4. 案例分析:微信支付 vs 支付宝支付 (Case Study: WeChat Pay vs. Alipay)
假设一项研究发现:微信支付用户的平均交易金额比支付宝用户高20%。
Suppose a study finds: The average transaction amount of WeChat Pay users is 20% higher than that of Alipay users.
问题 (Questions):
- 这个发现能说明”使用微信支付导致消费增加”吗?为什么?
Can this finding demonstrate that “using WeChat Pay causes increased spending”? Why or why not?
- 可能有哪些混淆变量?
What possible confounding variables might exist?
- 应该如何设计研究来建立因果关系?
How should a study be designed to establish a causal relationship?
- 如果要你进行一个A/B测试,你会如何设计?
If you were to conduct an A/B test, how would you design it?
5. 研究设计:在线教育效果 (Research Design: Online Education Effectiveness)
要评估在线教育相比传统课堂教育的效果,应该如何设计实验?
To evaluate the effectiveness of online education compared to traditional classroom education, how should the experiment be designed?
问题 (Questions):
- 需要控制哪些变量?
What variables need to be controlled?
- 如何避免可能的偏差?
How can potential biases be avoided?
- 应该使用什么指标来衡量”效果”?
What metrics should be used to measure “effectiveness”?
- 样本量应该多大?为什么?
How large should the sample size be? Why?
6. 抽样方案设计 (Sampling Plan Design)
要调查某品牌电动汽车(如蔚来、小鹏)的用户满意度:
To investigate user satisfaction with a specific brand of electric vehicle (e.g., NIO, XPeng):
问题 (Questions):
- 目标总体是什么?
What is the target population?
- 应该如何抽样?
How should sampling be conducted?
- 可能遇到哪些偏差?如何避免?
What biases might be encountered?

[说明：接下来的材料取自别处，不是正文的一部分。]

(* Let $v\geq 7$ be an integer with $v\equiv 1$ or $7\pmod{14}$. Then $K^*_v$ has a $D_i$-decomposition for every $i\in[1,7]$.
   Context: $K^*_v$ denotes the complete symmetric digraph of order $v$: it has $v$ vertices and contains both arcs $(x,y)$ and $(y,x)$ for every pair of distinct vertices $x,y$. A $D$-decomposition of a digraph $K$ is a set of subdigraphs of $K$, each isomorphic to $D$, such that every arc of $K$ lies in exactly one of them. For distinct vertices $v_0,\dots,v_6$, the digraphs $D_i[v_0,v_1,\dots,v_6]$ ($i\in[1,7]$) all have vertex set $\{v_0,\dots,v_6\}$ and the following arc sets: $D_1$: $(v_1,v_0),(v_1,v_2),(v_2,v_3),(v_3,v_4),(v_4,v_5),(v_5,v_6),(v_6,v_0)$; $D_2$: $(v_1,v_0),(v_2,v_1),(v_2,v_3),(v_3,v_4),(v_4,v_5),(v_5,v_6),(v_6,v_0)$; $D_3$: $(v_1,v_0),(v_1,v_2),(v_3,v_2),(v_3,v_4),(v_4,v_5),(v_5,v_6),(v_6,v_0)$; $D_4$: $(v_1,v_0),(v_1,v_2),(v_2,v_3),(v_4,v_3),(v_4,v_5),(v_5,v_6),(v_6,v_0)$; $D_5$: $(v_1,v_0),(v_2,v_1),(v_3,v_2),(v_3,v_4),(v_4,v_5),(v_5,v_6),(v_6,v_0)$; $D_6$: $(v_1,v_0),(v_2,v_1),(v_2,v_3),(v_3,v_4),(v_5,v_4),(v_5,v_6),(v_6,v_0)$; $D_7$: $(v_1,v_0),(v_1,v_2),(v_3,v_2),(v_3,v_4),(v_4,v_5),(v_6,v_5),(v_6,v_0)$. $D_i$ also denotes the isomorphism type of $D_i[v_0,\dots,v_6]$. *)

theory Defs
  imports Main
begin

text \<open>Arcs of a digraph are ordered pairs. The complete symmetric digraph on vertex set V
  has all arcs (x,y) with x, y in V distinct. K*_v is taken on the vertex set {0..<v}.\<close>

definition complete_sym_arcs :: "'a set \<Rightarrow> ('a \<times> 'a) set" where
  "complete_sym_arcs V = {(x, y). x \<in> V \<and> y \<in> V \<and> x \<noteq> y}"

text \<open>Arc set of D_i[v_0,...,v_6], where the vertex v_j is given as u j.\<close>

fun D_arcs :: "nat \<Rightarrow> (nat \<Rightarrow> 'a) \<Rightarrow> ('a \<times> 'a) set" where
  "D_arcs i u =
    (if i = 1 then {(u 1, u 0), (u 1, u 2), (u 2, u 3), (u 3, u 4), (u 4, u 5), (u 5, u 6), (u 6, u 0)}
     else if i = 2 then {(u 1, u 0), (u 2, u 1), (u 2, u 3), (u 3, u 4), (u 4, u 5), (u 5, u 6), (u 6, u 0)}
     else if i = 3 then {(u 1, u 0), (u 1, u 2), (u 3, u 2), (u 3, u 4), (u 4, u 5), (u 5, u 6), (u 6, u 0)}
     else if i = 4 then {(u 1, u 0), (u 1, u 2), (u 2, u 3), (u 4, u 3), (u 4, u 5), (u 5, u 6), (u 6, u 0)}
     else if i = 5 then {(u 1, u 0), (u 2, u 1), (u 3, u 2), (u 3, u 4), (u 4, u 5), (u 5, u 6), (u 6, u 0)}
     else if i = 6 then {(u 1, u 0), (u 2, u 1), (u 2, u 3), (u 3, u 4), (u 5, u 4), (u 5, u 6), (u 6, u 0)}
     else {(u 1, u 0), (u 1, u 2), (u 3, u 2), (u 3, u 4), (u 4, u 5), (u 6, u 5), (u 6, u 0)})"

text \<open>A subdigraph of the complete symmetric digraph on V isomorphic to D_i: it is
  D_i[v_0,...,v_6] for distinct vertices v_0,...,v_6 of V (every vertex of D_i is incident
  with an arc, so the subdigraph is determined by its arc set).\<close>

definition is_D_copy :: "nat \<Rightarrow> 'a set \<Rightarrow> ('a \<times> 'a) set \<Rightarrow> bool" where
  "is_D_copy i V B \<longleftrightarrow>
     (\<exists>u. inj_on u {0..<7} \<and> u ` {0..<7} \<subseteq> V \<and> B = D_arcs i u)"

definition has_D_decomposition :: "nat \<Rightarrow> 'a set \<Rightarrow> bool" where
  "has_D_decomposition i V \<longleftrightarrow>
     (\<exists>\<B>. (\<forall>B\<in>\<B>. is_D_copy i V B) \<and>
          (\<forall>a\<in>complete_sym_arcs V. \<exists>!B. B \<in> \<B> \<and> a \<in> B))"

end

theory Submission
  imports Defs "HOL-Number_Theory.Cong"
begin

How can they be avoided?
- 应该调查多少人?为什么?
How many people should be surveyed? Why?
1.10.3 数据分析 (Data Analysis)
7. 本地数据获取与分析 (Local Data Retrieval and Analysis)
使用本地股票数据完成以下任务:
Use local stock data to complete the following tasks:
import pandas as pd
import matplotlib.pyplot as plt
import platform
# 设置数据路径
# Set data path
if platform.system() == 'Windows':
data_path = 'C:/qiufei/data/stock'
else:
data_path = '/home/ubuntu/r2_data_mount/qiufei/data/stock'
# 读取本地数据
# Read local data
stock_basic = pd.read_hdf(f'{data_path}/stock_basic_data.h5')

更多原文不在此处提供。